If the homogeneous equations (I) corresponding to the equations (II) have non-zero solutions, according to the conclusion of the previous part, the equations α 1 , α 2 , … , α n \pmb{\alpha_1,\alpha_2,\dots, \alpha_n}a1,a2,…,anLinearly dependent and r ( A ) < n . r(A)<n.r(A)<n.
We discuss the situation of non-homogeneous equations (II) at this time. If the equations (II) have no solution, then the vector b \pmb{b}b cannot be divided into vector groupsα 1 , α 2 , … , α n \pmb{\alpha_1,\alpha_2,\dots,\alpha_n}a1,a2,…,anLinear representation, but due to the vector set α 1 , α 2 , … , α n \pmb{\alpha_1,\alpha_2,\dots,\alpha_n}a1,a2,…,anis linearly related, so the column vector group of the augmented matrix α 1 , α 2 , … , α n , b \pmb{\alpha_1,\alpha_2,\dots,\alpha_n,b}a1,a2,…,an,b is linearly related, andr ( A ‾ ) < n + 1 r(\overline{A})<n+1r(A)<n+1 且 r ( A ‾ ) = r ( A ) + 1. r(\overline{A})=r(A)+1. r(A)=r(A)+1.
Because the vector b \pmb{b}b cannot be divided into vector groupsα 1 , α 2 , … , α n \pmb{\alpha_1,\alpha_2,\dots,\alpha_n}a1,a2,…,anLinear representation, then the vector group α 1 , α 2 , … , α n , b \pmb{\alpha_1,\alpha_2,\dots,\alpha_n,b}a1,a2,…,an,The rank ratio vector group of b α 1 , α 2 , … , α n \pmb{\alpha_1,\alpha_2,\dots,\alpha_n}a1,a2,…,an 多 1 ,即 r ( A ‾ ) = r ( A ) + 1. r(\overline{A})=r(A)+1. r(A)=r(A)+1.
OOcan be understood intuitively. The vector group is column-by-column, and a column that cannot be represented by the original column is added, so the rank must be increased by 1.

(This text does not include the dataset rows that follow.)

(* Let $G_1,\dots,G_n$ be rooted graphs and let $G$ be the decorated path obtained from them, with path vertices $1,\dots,n$. If $\theta$ is a real number larger than the largest pole of $\alpha_1^G$, then for every $i\in\{1,\dots,n\}$ and every real $\lambda\ge\theta$, $\lambda$ is not a pole of $\alpha_i^{G_i}$.
   Context: Graphs are finite and simple. For a graph $H$, $\phi^H$ is the characteristic polynomial of its adjacency matrix, and for a vertex $i$, $\alpha_i^H=\phi^H/\phi^{H\setminus i}$ (rational function in $x$). A rooted graph is a graph with a distinguished root. The decorated path built from pairwise disjoint rooted graphs $G_1,\dots,G_n$ is obtained from the path on vertices $1,\dots,n$ ($i\sim i+1$) by identifying the root of $G_i$ with vertex $i$; $\alpha_i^{G_i}$ is taken at this root. *)

theory Defs
  imports "HOL-Combinatorics.Permutations" "HOL-Computational_Algebra.Polynomial"
begin

definition simple_graph :: "'a set \<Rightarrow> ('a \<Rightarrow> 'a \<Rightarrow> bool) \<Rightarrow> bool" where
  "simple_graph V E \<longleftrightarrow> finite V \<and> (\<forall>u v. E u v \<longrightarrow> u \<in> V \<and> v \<in> V)
     \<and> (\<forall>u v. E u v \<longrightarrow> E v u) \<and> (\<forall>u. \<not> E u u)"

definition rooted_graph :: "'a set \<Rightarrow> ('a \<Rightarrow> 'a \<Rightarrow> bool) \<Rightarrow> 'a \<Rightarrow> bool" where
  "rooted_graph V E r \<longleftrightarrow> simple_graph V E \<and> r \<in> V"

definition adj :: "('a \<Rightarrow> 'a \<Rightarrow> bool) \<Rightarrow> 'a \<Rightarrow> 'a \<Rightarrow> real" where
  "adj E u v = (if E u v then 1 else 0)"

definition charpoly :: "'a set \<Rightarrow> ('a \<Rightarrow> 'a \<Rightarrow> bool) \<Rightarrow> real poly" where
  "charpoly V E = (\<Sum>p | p permutes V. of_int (sign p) *
      (\<Prod>v\<in>V. (if p v = v then [:0, 1:] else 0) - [:adj E v (p v):]))"

text \<open>mu is a pole of the rational function p/q (orders of vanishing compared, i.e.
  after cancelling common factors the denominator vanishes at mu).\<close>
definition rat_pole :: "real poly \<Rightarrow> real poly \<Rightarrow> real \<Rightarrow> bool" where
  "rat_pole p q mu \<longleftrightarrow> p \<noteq> 0 \<and> q \<noteq> 0 \<and> order mu p < order mu q"

text \<open>mu is a pole of alpha_i^H = phi^H / phi^(H minus i).\<close>
definition alpha_pole :: "'a set \<Rightarrow> ('a \<Rightarrow> 'a \<Rightarrow> bool) \<Rightarrow> 'a \<Rightarrow> real \<Rightarrow> bool" where
  "alpha_pole V E i mu \<longleftrightarrow> rat_pole (charpoly V E) (charpoly (V - {i}) E) mu"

If the equation system (II) has a solution, then the vector b \pmb{b}b can be vector groupα 1 , α 2 , … , α n \pmb{\alpha_1,\alpha_2,\dots,\alpha_n}a1,a2,…,anLinear representation, so r ( A ‾ ) = r ( A ) < n . r(\overline{A})=r(A)<n.r(A)=r(A)<n.
The characteristics of rank in all cases are discussed as shown in the figure below.

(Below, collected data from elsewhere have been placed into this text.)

lemma shifted_sqnorm_le_const:
  assumes "-1 < \<alpha>" "f holomorphic_on right_half_plane"
  obtains K where "\<And>r. 0 \<le> r \<Longrightarrow> shifted_sqnorm \<alpha> f r \<le> ennreal K * shifted_sqnorm \<alpha> f 0"
proof (cases "0 \<le> \<alpha>")
  case True
  then show ?thesis using that[of 1] shifted_sqnorm_le_nonneg_exponent by simp
next
  case False
  define K where "K = 2 powr (-\<alpha>) + 32 * (5/2) powr (-\<alpha>) / (pi * (\<alpha> + 1))"
  have "1 \<le> 2 powr (-\<alpha>)" using False by (intro ge_one_powr_ge_zero) auto
  moreover have "0 \<le> 32 * (5/2) powr (-\<alpha>) / (pi * (\<alpha> + 1))"
    using assms(1) by (intro divide_nonneg_pos) auto
  ultimately have "(1::ennreal) \<le> ennreal K"
    using ennreal_leI[of 1 K] unfolding K_def by simp
  have "shifted_sqnorm \<alpha> f r \<le> ennreal K * shifted_sqnorm \<alpha> f 0" if "0 \<le> r" for r
  proof (cases "r = 0")
    case True
    then show ?thesis
      using mult_right_mono[OF \<open>1 \<le> ennreal K\<close>, of "shifted_sqnorm \<alpha> f 0"] by simp
  next
    case False
    then show ?thesis
      using shifted_sqnorm_le_neg_exponent[OF assms(1) _ assms(2), of r] \<open>\<not> 0 \<le> \<alpha>\<close> that
      unfolding K_def by simp
  qed
  then show ?thesis by (rule that)
qed
(* Let $d\ge1$, $\lambda>0$, $\delta>0$, and let $f:\mathbb{R}^d\to\mathbb{R}$ satisfy: (A1) $f$ is continuous and has at least one minimizer; (A2) $C_\delta:=\int_{\mathbb{R}^d}\exp(-f(y)/\delta)\,dy<+\infty$. Then for all $z\in\mathbb{R}^d$, \[H_{\lambda,\delta}(z)\ge-\log C_\delta+\frac d2\log(2\pi\lambda\delta);\] in particular $H_{\lambda,\delta}$ is bounded below.
   Context: The zeroth-order proximal operator $T:=\operatorname{zprox}^\delta_{\lambda,f}$ is $T(x)=\dfrac{\mathbb{E}_{y\sim\mathcal N(x,\lambda\delta I)}[y\exp(-f(y)/\delta)]}{\mathbb{E}_{y\sim\mathcal N(x,\lambda\delta I)}[\exp(-f(y)/\delta)]}$; under (A1)–(A2) it is a bijection of $\mathbb{R}^d$. The soft Moreau envelope is $f^{\lambda,\delta}(x)=-\delta\log\mathbb{E}_{y\sim\mathcal N(x,\lambda\delta I)}[\exp(-f(y)/\delta)]$. $H_{\lambda,\delta}(x)=-\frac{1}{2\lambda\delta}\|T^{-1}(x)-x\|^2+\frac1\delta f^{\lambda,\delta}(T^{-1}(x))$. *)

theory Defs
  imports "HOL-Analysis.Analysis"
begin

definition gauss_dens :: "real \<Rightarrow> 'a::euclidean_space \<Rightarrow> 'a \<Rightarrow> real" where
  "gauss_dens s x y = (2 * pi * s) powr (- real DIM('a) / 2) * exp (- (norm (y - x))\<^sup>2 / (2 * s))"

definition gauss_exp :: "real \<Rightarrow> 'a::euclidean_space \<Rightarrow> ('a \<Rightarrow> 'b::{banach, second_countable_topology}) \<Rightarrow> 'b" where
  "gauss_exp s x g = (\<integral>y. gauss_dens s x y *\<^sub>R g y \<partial>lborel)"

definition zprox :: "real \<Rightarrow> real \<Rightarrow> ('a::euclidean_space \<Rightarrow> real) \<Rightarrow> 'a \<Rightarrow> 'a" where
  "zprox lam del f x =
     gauss_exp (lam * del) x (\<lambda>y. exp (- f y / del) *\<^sub>R y) /\<^sub>R
     gauss_exp (lam * del) x (\<lambda>y. exp (- f y / del))"

definition soft_moreau :: "real \<Rightarrow> real \<Rightarrow> ('a::euclidean_space \<Rightarrow> real) \<Rightarrow> 'a \<Rightarrow> real" where
  "soft_moreau lam del f x = - del * ln (gauss_exp (lam * del) x (\<lambda>y. exp (- f y / del)))"

definition H_fun :: "real \<Rightarrow> real \<Rightarrow> ('a::euclidean_space \<Rightarrow> real) \<Rightarrow> 'a \<Rightarrow> real" where
  "H_fun lam del f x =
     (let w = inv (zprox lam del f) x in
      - (1 / (2 * lam * del)) * (norm (w - x))\<^sup>2 + (1 / del) * soft_moreau lam del f w)"

end

theory Submission
  imports Defs
begin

In summary, the following general conclusions can be drawn:
- Inhomogeneous equations have solutions ⇔ \Leftrightarrow⇔ r ( A ‾ ) = r ( A ) . r(\overline{A})=r(A). r(A)=r(A).

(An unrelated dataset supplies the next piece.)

(* Let $d\ge1$ and let $(\mathbf W,Y)$, $(\mathbf W',Y')$ be pairs (a random vector in $\mathbb R^d$, a real random variable) on a common probability space such that: $\mathbb E\mathbf W=0$ with invertible covariance matrix $\Sigma$; $\mathbb EY=0$, $\operatorname{Var}(Y)=\sigma_Y^2$; each coordinate of $\mathbf W$ is uncorrelated with $Y$; $(\mathbf W,Y,\mathbf W',Y')\overset d=(\mathbf W',Y',\mathbf W,Y)$; $Y$ takes values in $\zeta+\mathbb Z$ for some $\zeta\in[0,1)$; $\Delta Y:=Y'-Y\in\{-1,0,1\}$ a.s.; and $\mathbb P(\Delta Y=\pm1\mid\mathbf W,Y)=Q+R_{0,\pm}$ where $Q=\lambda\sigma_Y^2$ for some $\lambda\in(0,1)$ and $R_{0,\pm}$ are random variables. Then for every $1$-Lipschitz function $h:\mathbb R^d\to\mathbb R$ and every $k$ with $\mathbb P(Y=k)>0$ and $\mathbb P(Y=k-1)>0$, $$\Big|\mathbb E\big(h(\mathbf W)-h(\Sigma^{1/2}\mathbf Z)\big)\big(\mathbf 1_{Y=k}-\mathbf 1_{Y=k-1}\big)\Big|\le\frac1Q\mathbb E\big(|\Delta\mathbf W|\mathbf 1_{Y\in\{k-1,k\}}\big)+\frac1Q\mathbb E\Big(\big(|\mathbf W|+\sqrt{\operatorname{tr}\Sigma}\big)\big(|R_{0,+}|+|R_{0,-}|\big)\mathbf 1_{Y\in\{k-1,k\}}\Big),$$ where $\mathbf Z$ is a $d$-dimensional standard normal vector independent of everything else.
   Context: $\Delta\mathbf W:=\mathbf W'-\mathbf W$; $|\cdot|$ denotes the Euclidean norm, and $1$-Lipschitz is with respect to it. *)

theory Defs
  imports "HOL-Analysis.Analysis" "HOL-Probability.Probability"
begin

- Inhomogeneous equations have no solution ⇔ \Leftrightarrow⇔ r ( A ‾ ) ≠ r ( A ) , r(\overline{A})\ne r(A), r(A)=r(A), 或 r ( A ‾ ) = r ( A ) + 1. r(\overline{A})=r(A)+1. r(A)=r(A)+1.
In fact, if there is a solution, we can discuss it again, so let's put it in the chapter of equations later and let's talk about it in detail.
write at the end
It seems that I have neglected the nature of the equality of three ranks, so that the question at the beginning arises.
Now it is increasingly recognized that vectors are an important tool throughout linear algebra.